● **Problem description**:
Identify, in the records below, every line where the string "CARD" appears, and copy each such line.

Stored data:
##########

(* Let $n\ge d$, $\mathbf X\in\mathbb R^{n\times d}$ with full column rank, $1\le k<d$, $\lambda>0$, and $\mathbf y\in\mathbb R^n$ with $\hat\sigma_{1:k}=\|(\mathbf I-\mathbf P_{-1:k})\mathbf y\|>0$; let $\hat{\mathbf y}_{1:k}=\mathbf P_{-1:k}\mathbf y$, $\mathbf u=\mathbf V^T(\mathbf y-\hat{\mathbf y}_{1:k})/\hat\sigma_{1:k}$, and let $\hat{\boldsymbol\beta}^\lambda=\arg\min_{\boldsymbol\beta\in\mathbb R^d}\big(\frac1{2n}\|\mathbf y-\mathbf X\boldsymbol\beta\|_2^2+\lambda(\|\boldsymbol\beta_{1:k}\|_2+\|\boldsymbol\beta_{-1:k}\|_1)\big)$. For $\mathbf b\in\mathbb R^k$ and $\boldsymbol\epsilon$ in the closed unit ball of $\mathbb R^k$ define $$\hat{\boldsymbol\beta}^\lambda_{-1:k}(\mathbf b)=\arg\min_{\boldsymbol\gamma\in\mathbb R^{d-k}}\Big(\tfrac1{2n}\|\mathbf y-\mathbf X_{1:k}\mathbf b-\mathbf X_{-1:k}\boldsymbol\gamma\|_2^2+\lambda\|\boldsymbol\gamma\|_1\Big),$$ $$\Lambda_{1:k}(\mathbf b,\boldsymbol\epsilon)=\frac1{\hat\sigma_{1:k}}(\mathbf X_{1:k}^T\mathbf V_{1:k})^{-1}\Big(-\mathbf X_{1:k}^T\big(\hat{\mathbf y}_{1:k}-\mathbf X_{1:k}\mathbf b-\mathbf X_{-1:k}\hat{\boldsymbol\beta}^\lambda_{-1:k}(\mathbf b)\big)+n\lambda\boldsymbol\epsilon\Big),$$ and let $f^{-1}(\mathbf b)=\{\Lambda_{1:k}(\mathbf b,\mathbf b/\|\mathbf b\|)\}$ if $\mathbf b\ne\mathbf 0$ and $f^{-1}(\mathbf 0)=\{\Lambda_{1:k}(\mathbf 0,\boldsymbol\epsilon):\|\boldsymbol\epsilon\|\le1\}$. Then the function $f:\mathbb R^k\to\mathbb R^k$ with this inverse satisfies $\hat{\boldsymbol\beta}^\lambda_{1:k}=f(\mathbf u_{1:k})$; i.e., for every $\mathbf b\in\mathbb R^k$, $\hat{\boldsymbol\beta}^\lambda_{1:k}=\mathbf b$ if and only if $\mathbf u_{1:k}\in f^{-1}(\mathbf b)$.
   Context: $\mathbf A_i$, $\mathbf A_{1:i}$, $\mathbf A_{-1:i}$ denote the $i$-th column, first $i$ columns, and submatrix with first $i$ columns removed (similarly for vector entries). $\mathbf P_{-1:i}$ is the orthogonal projection onto the column space of $\mathbf X_{-1:i}$. $\mathbf V\in\mathbb R^{n\times(n-d+k)}$ has orthonormal columns spanning the orthogonal complement of the column space of $\mathbf X_{-1:k}$, with first $k$ columns $\mathbf V_i=(\mathbf I-\mathbf P_{-1:i})\mathbf X_i/\|(\mathbf I-\mathbf P_{-1:i})\mathbf X_i\|$. Both minimizers above are unique since $\mathbf X$ and $\mathbf X_{-1:k}$ have full column rank. *)

theory Defs
  imports "HOL-Analysis.Analysis"
begin

text \<open>Column index set of X is the sum type 'k + 'm: Inl i are the first k columns
  (ordered by the well-order of 'k), Inr j are the remaining d - k columns.\<close>

definition blk1 :: "real^('k::finite + 'm::finite)^'n \<Rightarrow> real^'k^'n" where
  "blk1 X = (\<chi> r i. X $ r $ Inl i)"

definition blk2 :: "real^('k::finite + 'm::finite)^'n \<Rightarrow> real^'m^'n" where
  "blk2 X = (\<chi> r j. X $ r $ Inr j)"

definition vfst :: "real^('k::finite + 'm::finite) \<Rightarrow> real^'k" where
  "vfst \<beta> = (\<chi> i. \<beta> $ Inl i)"

definition vsnd :: "real^('k::finite + 'm::finite) \<Rightarrow> real^'m" where
  "vsnd \<beta> = (\<chi> j. \<beta> $ Inr j)"

definition l1norm :: "real^'m::finite \<Rightarrow> real" where
  "l1norm \<gamma> = (\<Sum>j\<in>UNIV. \<bar>\<gamma> $ j\<bar>)"

definition oproj :: "(real^'n::finite) set \<Rightarrow> real^'n \<Rightarrow> real^'n" where
  "oproj S y = closest_point (span S) y"

definition Pk :: "real^('k::finite + 'm::finite)^'n::finite \<Rightarrow> real^'n \<Rightarrow> real^'n" where
  "Pk X = oproj {column (Inr j) X | j. True}"

text \<open>P_{-1:i} for i in the first block: projection onto the span of the columns of X
  with the first i columns (those Inl j with j \<le> i) removed.\<close>
definition Pminus :: "real^('k::{finite,wellorder} + 'm::finite)^'n::finite \<Rightarrow> 'k::{finite,wellorder} \<Rightarrow> real^'n \<Rightarrow> real^'n" where
  "Pminus X i = oproj ({column (Inr j) X | j. True} \<union> {column (Inl j) X | j. i < j})"

definition Vcol :: "real^('k::{finite,wellorder} + 'm::finite)^'n::finite \<Rightarrow> 'k::{finite,wellorder} \<Rightarrow> real^'n" where
  "Vcol X i = (let w = column (Inl i) X - Pminus X i (column (Inl i) X) in (1 / norm w) *\<^sub>R w)"

definition V1 :: "real^('k::{finite,wellorder} + 'm::finite)^'n::finite \<Rightarrow> real^'k::{finite,wellorder}^'n" where
  "V1 X = (\<chi> r i. Vcol X i $ r)"

definition lasso_obj :: "real^('k::finite + 'm::finite)^'n::finite \<Rightarrow> real^'n \<Rightarrow> real \<Rightarrow> real^('k + 'm) \<Rightarrow> real" where
  "lasso_obj X y lam \<beta> = 1 / (2 * real CARD('n)) * (norm (y - X *v \<beta>))\<^sup>2
      + lam * (norm (vfst \<beta>) + l1norm (vsnd \<beta>))"

definition sub_obj :: "real^('k::finite + 'm::finite)^'n::finite \<Rightarrow> real^'n \<Rightarrow> real \<Rightarrow> real^'k \<Rightarrow> real^'m \<Rightarrow> real" where
  "sub_obj X y lam b \<gamma> = 1 / (2 * real CARD('n)) * (norm (y - blk1 X *v b - blk2 X *v \<gamma>))\<^sup>2
      + lam * l1norm \<gamma>"

definition sigk :: "real^('k::finite + 'm::finite)^'n::finite \<Rightarrow> real^'n \<Rightarrow> real" where
  "sigk X y = norm (y - Pk X y)"

text \<open>Lambda_{1:k}(b, eps), with g b = hat beta_{-1:k}(b).\<close>
definition Lam :: "real^('k::{finite,wellorder} + 'm::finite)^'n::finite \<Rightarrow> real^'n \<Rightarrow> real
    \<Rightarrow> (real^'k::{finite,wellorder} \<Rightarrow> real^'m) \<Rightarrow> real^'k::{finite,wellorder} \<Rightarrow> real^'k::{finite,wellorder} \<Rightarrow> real^'k::{finite,wellorder}" where
  "Lam X y lam g b \<epsilon> = (1 / sigk X y) *\<^sub>R
     (matrix_inv (transpose (blk1 X) ** V1 X) *v
       (- (transpose (blk1 X) *v (Pk X y - blk1 X *v b - blk2 X *v g b))
        + (real CARD('n) * lam) *\<^sub>R \<epsilon>))"

definition finv :: "real^('k::{finite,wellorder} + 'm::finite)^'n::finite \<Rightarrow> real^'n \<Rightarrow> real
    \<Rightarrow> (real^'k::{finite,wellorder} \<Rightarrow> real^'m) \<Rightarrow> real^'k::{finite,wellorder} \<Rightarrow> (real^'k::{finite,wellorder}) set" where
  "finv X y lam g b = (if b \<noteq> 0 then {Lam X y lam g b ((1 / norm b) *\<^sub>R b)}
                        else {Lam X y lam g 0 \<epsilon> | \<epsilon>. norm \<epsilon> \<le> 1})"

definition u1 :: "real^('k::{finite,wellorder} + 'm::finite)^'n::finite \<Rightarrow> real^'n \<Rightarrow> real^'k::{finite,wellorder}" where
  "u1 X y = (1 / sigk X y) *\<^sub>R (transpose (V1 X) *v (y - Pk X y))"

end

theory Submission
  imports Defs
begin

text \<open>
  Write the lasso objective as F(b, \<gamma>) = (1/2n) |y - X1 b - X2 \<gamma>|^2 + \<lambda> |b| + \<lambda> |\<gamma>|_1,
  where X1, X2 are the first k and the remaining columns of X; it is strictly convex because X has
  full column rank. For a smooth coupling plus a separable convex penalty a coordinatewise minimum
  is a global one. Since g b minimises F(b, -), the first block of the unique minimiser is b iff b
  minimises the group lasso problem F(-, g b), i.e. iff X1' (y - X1 b - X2 g b) = n \<lambda> \<epsilon> for a
  subgradient \<epsilon> of the Euclidean norm at b. The columns of V1 come from Gram-Schmidt, so
  M = X1' V1 is triangular with nonzero diagonal and M V1' w = X1' w whenever w is orthogonal to
  the columns of X2. Applied to w = y - P y this turns the subgradient equation into u = \<Lambda>(b, \<epsilon>).
\<close>

lemma le_of_le_plus_multiples:
  fixes a b C :: real
  assumes "\<And>t. 0 < t \<Longrightarrow> t \<le> 1 \<Longrightarrow> a \<le> b + t * C"
  shows "a \<le> b"
proof -
  have "((\<lambda>t. b + t * C) \<longlongrightarrow> b) (at_right 0)"
    by (auto intro!: tendsto_eq_intros)
  moreover have "eventually (\<lambda>t. a \<le> b + t * C) (at_right 0)"
    unfolding eventually_at_right_field using assms by (intro exI[of _ 1]) auto
  ultimately show ?thesis
    by (rule tendsto_lowerbound) simp
qed

lemma power2_norm_diff:
  fixes u v :: "'a::real_inner"
  shows "(norm (u - v))\<^sup>2 = (norm u)\<^sup>2 - 2 * inner u v + (norm v)\<^sup>2"
  by (simp add: power2_norm_eq_inner inner_diff_left inner_diff_right inner_commute)

lemma power2_norm_convex_combination:
  fixes u v :: "'a::real_inner"
  shows "(norm ((1 - t) *\<^sub>R u + t *\<^sub>R v))\<^sup>2
    = (1 - t) * (norm u)\<^sup>2 + t * (norm v)\<^sup>2 - t * (1 - t) * (norm (u - v))\<^sup>2"
  by (simp add: power2_norm_eq_inner inner_add_left inner_add_right inner_diff_left
      inner_diff_right inner_commute algebra_simps)

lemma power2_norm_mixed_difference:
  fixes r a b :: "'a::real_inner"
  shows "(norm (r - a - b))\<^sup>2 + (norm r)\<^sup>2 = (norm (r - a))\<^sup>2 + (norm (r - b))\<^sup>2 + 2 * inner a b"
  by (simp add: power2_norm_eq_inner inner_diff_left inner_diff_right inner_commute algebra_simps)

lemma convex_on_norm: "convex_on UNIV norm"
  using convex_on_dist[of UNIV 0] by simp

lemma convex_on_l1norm: "convex_on UNIV l1norm"
proof (rule convex_onI)
  fix t :: real and a b :: "real^'m::finite"
  assume t: "0 < t" "t < 1"
  have "\<bar>(1 - t) * a $ j + t * b $ j\<bar> \<le> (1 - t) * \<bar>a $ j\<bar> + t * \<bar>b $ j\<bar>" for j
    using t abs_triangle_ineq[of "(1 - t) * a $ j" "t * b $ j"] by (simp add: abs_mult)
  then show "l1norm ((1 - t) *\<^sub>R a + t *\<^sub>R b) \<le> (1 - t) * l1norm a + t * l1norm b"
    by (simp add: l1norm_def sum_distrib_left sum.distrib[symmetric] sum_mono)
qed simp

definition norm_subdifferential :: "'a::real_inner \<Rightarrow> 'a set" where
  "norm_subdifferential b = {\<epsilon>. norm \<epsilon> \<le> 1 \<and> inner \<epsilon> b = norm b}"

lemma norm_subdifferential_0 [simp]: "norm_subdifferential 0 = cball 0 1"
  by (auto simp: norm_subdifferential_def)

lemma norm_subdifferential_nonzero:
  assumes "b \<noteq> 0"
  shows "norm_subdifferential b = {sgn b}"
proof (intro equalityI subsetI)
  fix \<epsilon> assume "\<epsilon> \<in> norm_subdifferential b"
  then have "norm \<epsilon> \<le> 1" and "inner \<epsilon> (sgn b) = 1"
    using assms by (auto simp: norm_subdifferential_def sgn_div_norm)
  then have "(norm (\<epsilon> - sgn b))\<^sup>2 \<le> 0"
    using assms by (simp add: power2_norm_diff norm_sgn power_le_one)
  then show "\<epsilon> \<in> {sgn b}" by simp
next
  fix \<epsilon> assume "\<epsilon> \<in> {sgn b}"
  then show "\<epsilon> \<in> norm_subdifferential b"
    using assms
    by (simp add: norm_subdifferential_def norm_sgn sgn_div_norm dot_square_norm power2_eq_square)
qed

lemma norm_subgradient_inequality:
  assumes "\<epsilon> \<in> norm_subdifferential b"
  shows "norm b + inner \<epsilon> (b' - b) \<le> norm b'"
proof -
  have "inner \<epsilon> b' \<le> norm \<epsilon> * norm b'" by (rule norm_cauchy_schwarz)
  also have "\<dots> \<le> norm b'"
    using assms by (intro mult_left_le_one_le) (auto simp: norm_subdifferential_def)
  finally have "inner \<epsilon> b' \<le> norm b'" .
  with assms show ?thesis by (simp add: norm_subdifferential_def inner_diff_right)
qed

lemma inner_transpose_mult:
  fixes A :: "real^'k::finite^'n::finite"
  shows "inner (transpose A *v r) h = inner r (A *v h)"
  using dot_lmul_matrix[of r A h] by simp

lemma power2_norm_residual_step:
  fixes A :: "real^'k::finite^'n::finite"
  shows "(norm (r - A *v (b + t *\<^sub>R h)))\<^sup>2
    = (norm (r - A *v b))\<^sup>2 - 2 * t * inner (transpose A *v (r - A *v b)) h + t\<^sup>2 * (norm (A *v h))\<^sup>2"
proof -
  have residual: "r - A *v (b + t *\<^sub>R h) = (r - A *v b) - t *\<^sub>R (A *v h)"
    by (simp add: matrix_vector_right_distrib matrix_vector_mult_scaleR)
  show ?thesis
    unfolding residual inner_transpose_mult power2_norm_diff by (simp add: power_mult_distrib)
qed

##########

● **Answer to this problem**:
  "lasso_obj X y lam \<beta> = 1 / (2 * real CARD('n)) * (norm (y - X *v \<beta>))\<^sup>2
  "sub_obj X y lam b \<gamma> = 1 / (2 * real CARD('n)) * (norm (y - blk1 X *v b - blk2 X *v \<gamma>))\<^sup>2
        + (real CARD('n) * lam) *\<^sub>R \<epsilon>))"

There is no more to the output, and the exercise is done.